Biological Collections Data: best practices and trends for standards, digitization, and biodiversity informatics literacy for research use of collections data

TitleBiological Collections Data: best practices and trends for standards, digitization, and biodiversity informatics literacy for research use of collections data
Publication TypeConference Paper
Year of Publication2016
AuthorsPaul, Deborah L., and Seltmann Katja C.

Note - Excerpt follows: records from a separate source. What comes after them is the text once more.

lemma shift_separated_choice:
  assumes "finite V" and "finite S"
    and "\<And>v. v \<in> V \<Longrightarrow> G v \<subseteq> {x. \<forall>i. x i \<in> S}"
    and "\<And>v. v \<in> V \<Longrightarrow> infinite (G v)"
  shows "\<exists>y. (\<forall>v\<in>V. y v \<in> G v) \<and> (\<forall>v\<in>V. \<forall>w\<in>V. \<forall>n\<in>{1..k}. (shift ^^ n) (y v) \<noteq> y w)"
  using assms(1,3,4)
proof (induction V rule: finite_induct)
  case empty
  then show ?case by simp
next
  case (insert a F)
  then obtain y where y_in: "\<forall>v\<in>F. y v \<in> G v"
    and y_sep: "\<forall>v\<in>F. \<forall>w\<in>F. \<forall>n\<in>{1..k}. (shift ^^ n) (y v) \<noteq> y w"
    by auto
  \<comment> \<open>The value at the new vertex must avoid finitely many sequences, and G a is infinite.\<close>
  define bad where "bad =
       (\<lambda>(w, n). (shift ^^ n) (y w)) ` (F \<times> {1..k})
     \<union> (\<Union>w\<in>F. \<Union>n\<in>{1..k}. {x. (\<forall>i. x i \<in> S) \<and> (shift ^^ n) x = y w})
     \<union> (\<Union>n\<in>{1..k}. {x. (\<forall>i. x i \<in> S) \<and> (shift ^^ n) x = x})"
  have "finite bad"
    unfolding bad_def
    using insert.hyps(1) finite_shift_preimage[OF assms(2)] finite_shift_periodic[OF assms(2)] by auto
  then have "infinite (G a - bad)" using insert.prems(2) by (simp add: Diff_infinite_finite)
  then obtain z where z: "z \<in> G a" "z \<notin> bad" by (metis finite.emptyI ex_in_conv Diff_iff)
  have zS: "\<forall>i. z i \<in> S" using insert.prems(1)[of a] z(1) by auto
  have "(shift ^^ n) (y w) \<noteq> z" if "w \<in> F" "n \<in> {1..k}" for w n
    using z(2) that unfolding bad_def by auto
  moreover have "(shift ^^ n) z \<noteq> y w" if "w \<in> F" "n \<in> {1..k}" for w n
    using z(2) zS that unfolding bad_def by auto
  moreover have "(shift ^^ n) z \<noteq> z" if "n \<in> {1..k}" for n
    using z(2) zS that unfolding bad_def by auto
  ultimately show ?case
    using y_in y_sep z(1) insert.hyps(2) by (intro exI[of _ "y(a := z)"]) auto
qed

locale extendable_lgraph =
  fixes L :: "('v, 'e, 'a) lgraph"
  assumes src_in_lV: "e \<in> lE L l \<Longrightarrow> src L e \<in> lV L l"
    and trg_in_lV: "e \<in> lE L l \<Longrightarrow> trg L e \<in> lV L (Suc l)"
    and out_edge: "v \<in> lV L l \<Longrightarrow> \<exists>e\<in>lE L l. src L e = v"
begin

lemma lpath_src_in_lV: "lpath L l v es \<Longrightarrow> src L (es m) \<in> lV L (l + m)"
  by (simp add: lpath_def src_in_lV)

lemma Gamma_inf_nonempty:
  assumes v: "v \<in> lV L l"
  shows "Gamma_inf L l v \<noteq> {}"
proof -
  define next_edge where "next_edge = (\<lambda>k w. SOME e. e \<in> lE L k \<and> src L e = w)"
  have next_edge: "next_edge k w \<in> lE L k \<and> src L (next_edge k w) = w" if "w \<in> lV L k" for k w
    unfolding next_edge_def by (rule someI_ex) (use out_edge[OF that] in blast)
  define es where "es = rec_nat (next_edge l v) (\<lambda>i e. next_edge (Suc (l + i)) (trg L e))"
  have es_in: "es i \<in> lE L (l + i)" for i
    by (induction i) (simp_all add: es_def next_edge v trg_in_lV)
  have "lpath L l v es"
    unfolding lpath_def using es_in by (simp add: es_def next_edge v trg_in_lV)
  then have "(\<lambda>n. lab L (es n)) \<in> Gamma_inf L l v" by (auto simp: mem_Gamma_inf_iff)
  then show ?thesis by blast
qed

lemma condI_imp_condII:
  assumes "condI L"
  shows "condII L"
  unfolding condII_def
proof (intro allI ballI impI)
  fix l v x and m :: nat
  assume "v \<in> lV L l" and "x \<in> Gamma_inf L l v"
  then obtain es where es: "lpath L l v es" and x: "x = (\<lambda>n. lab L (es n))"
    by (auto simp: mem_Gamma_inf_iff)
  define w where "w = src L (es m)"
  have tail: "(\<lambda>n. x (n + m)) \<in> Gamma_inf L (l + m) w"
    using lpath_drop[OF es] by (auto simp: mem_Gamma_inf_iff w_def x)
  obtain z where "z \<in> Gamma_inf L (l + m) w" and z_ne: "z \<noteq> (\<lambda>n. x (n + m))"
    using assms lpath_src_in_lV[OF es, of m] unfolding condI_def w_def by metis
  then obtain fs where fs: "lpath L (l + m) w fs" and z: "z = (\<lambda>n. lab L (fs n))"
    by (auto simp: mem_Gamma_inf_iff)
  define y where "y = (\<lambda>n. lab L (if n < m then es n else fs (n - m)))"
  have "y \<in> Gamma_inf L l v"
    using lpath_splice[OF es fs[unfolded w_def]] by (auto simp: mem_Gamma_inf_iff y_def)
  moreover have "\<forall>j\<in>{1..m}. x (j - 1) = y (j - 1)"
    by (auto simp: x y_def)
  moreover obtain n where "z n \<noteq> x (n + m)" using z_ne by auto
  then have "x (Suc (n + m) - 1) \<noteq> y (Suc (n + m) - 1)" and "m < Suc (n + m)"
    by (simp_all add: y_def z)
  ultimately show "\<exists>y\<in>Gamma_inf L l v. (\<forall>j\<in>{1..m}. x (j - 1) = y (j - 1)) \<and> (\<exists>N>m. x (N - 1) \<noteq> y (N - 1))"
    by blast
qed

lemma condII_imp_condI:
  assumes "condII L"
  shows "condI L"
  unfolding condI_def
proof (intro allI ballI)
  fix l v assume v: "v \<in> lV L l"
  then obtain x where x: "x \<in> Gamma_inf L l v" using Gamma_inf_nonempty by blast
  then obtain y N where "y \<in> Gamma_inf L l v" "x (N - 1) \<noteq> y (N - 1)"
    using assms v unfolding condII_def by (metis order_refl)
  with x show "\<exists>x\<in>Gamma_inf L l v. \<exists>y\<in>Gamma_inf L l v. x \<noteq> y" by metis
qed

lemma condI_iff_condII: "condI L \<longleftrightarrow> condII L"
  using condI_imp_condII condII_imp_condI by blast

lemma condII_imp_infinite_Gamma_inf:
  assumes II: "condII L" and v: "v \<in> lV L l"
  shows "infinite (Gamma_inf L l v)"
proof
  assume fin: "finite (Gamma_inf L l v)"
  obtain x where x: "x \<in> Gamma_inf L l v" using Gamma_inf_nonempty[OF v] by blast
  define D where "D = Gamma_inf L l v - {x}"
  have "\<forall>z\<in>D. \<exists>n. z n \<noteq> x n" unfolding D_def by (auto simp: fun_eq_iff)
  then obtain diff where diff: "\<forall>z\<in>D. z (diff z) \<noteq> x (diff z)" by metis
  \<comment> \<open>Beyond position M every other sequence of the finite set D has already left x.\<close>
  define M where "M = Max (insert 0 (diff ` D))"
  have diff_le: "z \<in> D \<Longrightarrow> diff z \<le> M" for z
    unfolding M_def using fin by (simp add: D_def)
  obtain y where y: "y \<in> Gamma_inf L l v" "\<forall>j\<in>{1..Suc M}. x (j - 1) = y (j - 1)"
    "\<exists>N>Suc M. x (N - 1) \<noteq> y (N - 1)"
    using II v x unfolding condII_def by (metis le_add1 plus_1_eq_Suc)
  have "y \<in> D" using y(1,3) unfolding D_def by auto
  moreover from this have "Suc (diff y) \<in> {1..Suc M}" using diff_le by simp
  then have "x (diff y) = y (diff y)" using y(2) by fastforce
  ultimately show False using diff by metis
qed

lemma condIII_imp_condI:
  assumes lift: "\<And>l v. v \<in> lV L l \<Longrightarrow> \<exists>u\<in>lV L (Suc l). Gamma_inf L (Suc l) u \<subseteq> Gamma_inf L l v"
    and III: "condIII L"
  shows "condI L"
proof (rule ccontr)
  assume "\<not> condI L"
  then obtain l v where v: "v \<in> lV L l" and unique: "\<forall>x\<in>Gamma_inf L l v. \<forall>x'\<in>Gamma_inf L l v. x = x'"
    unfolding condI_def by blast
  obtain x where x_in: "x \<in> Gamma_inf L l v" using Gamma_inf_nonempty[OF v] by blast
  then have x_only: "x' = x" if "x' \<in> Gamma_inf L l v" for x'
    using unique that by blast
  obtain es where es: "lpath L l v es" and x: "x = (\<lambda>n. lab L (es n))"
    using x_in by (auto simp: mem_Gamma_inf_iff)
  obtain u where u: "u \<in> lV L (Suc l)" and u_sub: "Gamma_inf L (Suc l) u \<subseteq> Gamma_inf L l v"
    using lift[OF v] by blast
  define u' where "u' = src L (es 1)"
  have u': "u' \<in> lV L (Suc l)" using lpath_src_in_lV[OF es, of 1] by (simp add: u'_def)
  \<comment> \<open>Every path out of u' extends the first edge of the path of x to a path out of v.\<close>
  have u'_only: "z = shift x" if z_in: "z \<in> Gamma_inf L (Suc l) u'" for z
  proof -
    obtain fs where fs: "lpath L (Suc l) u' fs" and z: "z = (\<lambda>n. lab L (fs n))"
      using z_in by (auto simp: mem_Gamma_inf_iff)
    have "(\<lambda>n. lab L (if n < 1 then es n else fs (n - 1))) \<in> Gamma_inf L l v"
      using lpath_splice[OF es, of 1 fs] fs by (auto simp: mem_Gamma_inf_iff u'_def)
    then have "(\<lambda>n. lab L (if n < 1 then es n else fs (n - 1))) = x" by (rule x_only)
    then show ?thesis by (auto simp: fun_eq_iff shift_def z dest: spec[of _ "Suc _"])
  qed
  obtain y where y_in: "\<forall>w\<in>lV L (Suc l). y w \<in> Gamma_inf L (Suc l) w"
    and y_sep: "\<forall>w\<in>lV L (Suc l). \<forall>w'\<in>lV L (Suc l). \<forall>n\<in>{1..1}. (shift ^^ n) (y w) \<noteq> y w'"
    using III[unfolded condIII_def, rule_format, of 1 "Suc l"] by auto
  have "y u = x" using x_only u_sub y_in u by blast
  moreover have "y u' = shift x" using u'_only y_in u' by blast
  moreover have "shift (y u) \<noteq> y u'" using y_sep u u' by auto
  ultimately show False by simp
qed

end

locale finite_extendable_lgraph = extendable_lgraph L
  for L :: "('v, 'e, 'a) lgraph" +
  fixes \<Sigma> :: "'a set"
  assumes finite_alphabet: "finite \<Sigma>"
    and finite_lV: "finite (lV L l)"
    and lab_in: "e \<in> lE L l \<Longrightarrow> lab L e \<in> \<Sigma>"
begin

lemma condII_imp_condIII:
  assumes "condII L"
  shows "condIII L"
  unfolding condIII_def
proof (intro allI impI)
  fix k l :: nat
  have "Gamma_inf L l v \<subseteq> {x. \<forall>i. x i \<in> \<Sigma>}" for v
    by (force simp: mem_Gamma_inf_iff lpath_def intro: lab_in)
  then show "\<exists>y. (\<forall>v\<in>lV L l. y v \<in> Gamma_inf L l v) \<and>
           (\<forall>v\<in>lV L l. \<forall>w\<in>lV L l. \<forall>n\<in>{1..k}. (shift ^^ n) (y v) \<noteq> y w)"
    by (rule shift_separated_choice[OF finite_lV finite_alphabet])
      (use condII_imp_infinite_Gamma_inf[OF assms] in auto)
qed

end

lemma is_lgs_finite_extendable:
  assumes "is_lgs \<Sigma> L"
  shows "finite_extendable_lgraph L \<Sigma>"
proof -
  have "finite \<Sigma>" "\<forall>l. finite (lV L l)"
    "\<forall>l. \<forall>e\<in>lE L l. src L e \<in> lV L l \<and> trg L e \<in> lV L (Suc l) \<and> lab L e \<in> \<Sigma>"
    "\<forall>l. \<forall>v\<in>lV L l. \<exists>e\<in>lE L l. src L e = v"
    using assms unfolding is_lgs_def by simp_all
  then show ?thesis by unfold_locales auto
qed

section \<open>The minimal presentation\<close>

lemma Sync_imp_mem: "\<mu> \<in> Sync B k \<Longrightarrow> \<mu> \<in> B"
  by (simp add: Sync_def)

lemma Gamma_minus_Sync_append:
  "\<mu> \<in> Sync B l \<Longrightarrow> \<mu> @ \<omega> \<in> B \<Longrightarrow> Gamma_minus B l (\<mu> @ \<omega>) = Gamma_minus B l \<mu>"
  unfolding Sync_def Gamma_plus_def by auto

lemma lclass_cong: "Gamma_minus B l \<mu> = Gamma_minus B l \<nu> \<Longrightarrow> lclass B l \<mu> = lclass B l \<nu>"
  by (simp add: lclass_def)

lemma mem_lV_min_pres: "v \<in> lV (min_pres B) l \<longleftrightarrow> (\<exists>\<nu>\<in>Sync B l. v = (l, lclass B l \<nu>))"
  by (auto simp: min_pres_def)

lemma mem_lE_min_pres:
  "e \<in> lE (min_pres B) l \<longleftrightarrow>
     (\<exists>\<alpha> \<nu>. e = ((l, lclass B l (\<alpha> # \<nu>)), \<alpha>, (Suc l, lclass B (Suc l) \<nu>)) \<and>
             \<nu> \<in> Sync B (Suc l) \<and> \<alpha> # \<nu> \<in> B)"
  by (auto simp: min_pres_def)

lemma src_min_pres [simp]: "src (min_pres B) e = fst e"
  and trg_min_pres [simp]: "trg (min_pres B) e = snd (snd e)"
  and lab_min_pres [simp]: "lab (min_pres B) e = fst (snd e)"
  and liota_min_pres: "liota (min_pres B) l v = (l, lclass B l (SOME \<nu>. \<nu> \<in> snd v))"
  by (simp_all add: min_pres_def)

context
  fixes \<Sigma> :: "'a set" and B :: "'a list set"
  assumes subshift: "is_subshift_lang \<Sigma> B"
begin

lemma subshift_infix: "u @ v @ w \<in> B \<Longrightarrow> v \<in> B"
  using subshift unfolding is_subshift_lang_def by blast

lemma subshift_prefix: "u @ v \<in> B \<Longrightarrow> u \<in> B"
  using subshift_infix[of "[]" u v] by simp

lemma subshift_suffix: "u @ v \<in> B \<Longrightarrow> v \<in> B"
  using subshift_infix[of u v "[]"] by simp

lemma subshift_extend_left:
  assumes "w \<in> B"
  shows "\<exists>a. a # w \<in> B"
proof -
  obtain a b where "(a # w) @ [b] \<in> B" using subshift assms unfolding is_subshift_lang_def by fastforce
  then show ?thesis using subshift_prefix by blast
qed

lemma subshift_Nil: "[] \<in> B"
proof -
  obtain w where "w \<in> B" using subshift unfolding is_subshift_lang_def by blast
  then show ?thesis using subshift_prefix[of "[]" w] by simp
qed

Conference NameIsland Biology 2016
Date Published06/2016
Conference LocationTerceira Island, Azores
AbstractFor biological collections data to have the longest life possible, and be usable for as many audiences as possible, we need high-quality, georeferenced, standardized data. The latest standards being used for sharing (mobilizing) collections data include but are not limited to ABCD, Darwin Core, Global Genomic GGBN, Audubon Core, and Ecological Metadata Language (EML). Transcription of data from existing specimens, imaging specimens and documents, collecting specimens, and using biological collections data requires identifiers. These unique strings make it possible to study and keep track of relationships between objects both physical and digital. Some collections currently rely more and more on researchers’ requests for deciding what to digitize; this trend is referred to as “digitization on demand.” At the same time, collections and aggregators like iDigBio (http://idigbio.org), GBIF (http://gbif.org), and VertNet (http://vertnet.org/) are providing data quality information and attempting to analyze specimen data looking for missing data. For example, these data gaps may be taxonomic, geographic, or habitat-based. This data gap analysis (DGA) can help collections to prioritize digitization, and also inform researchers about where to focus collecting and sampling efforts. Accurate georeferencing of specimen locality data using appropriate standards is critical as it facilitates better, faster research. Scientists are urged to please contribute their georeferencing expertise and gazetteers. With ever more data available, scientists find they need to update their data skills. Some groups like Data Carpentry, Software Carpentry, and Reproducible Science Curriculum, now offer easy-to-access training, designed specifically for the beginner or intermediate-level, and tailored to specific communities as well.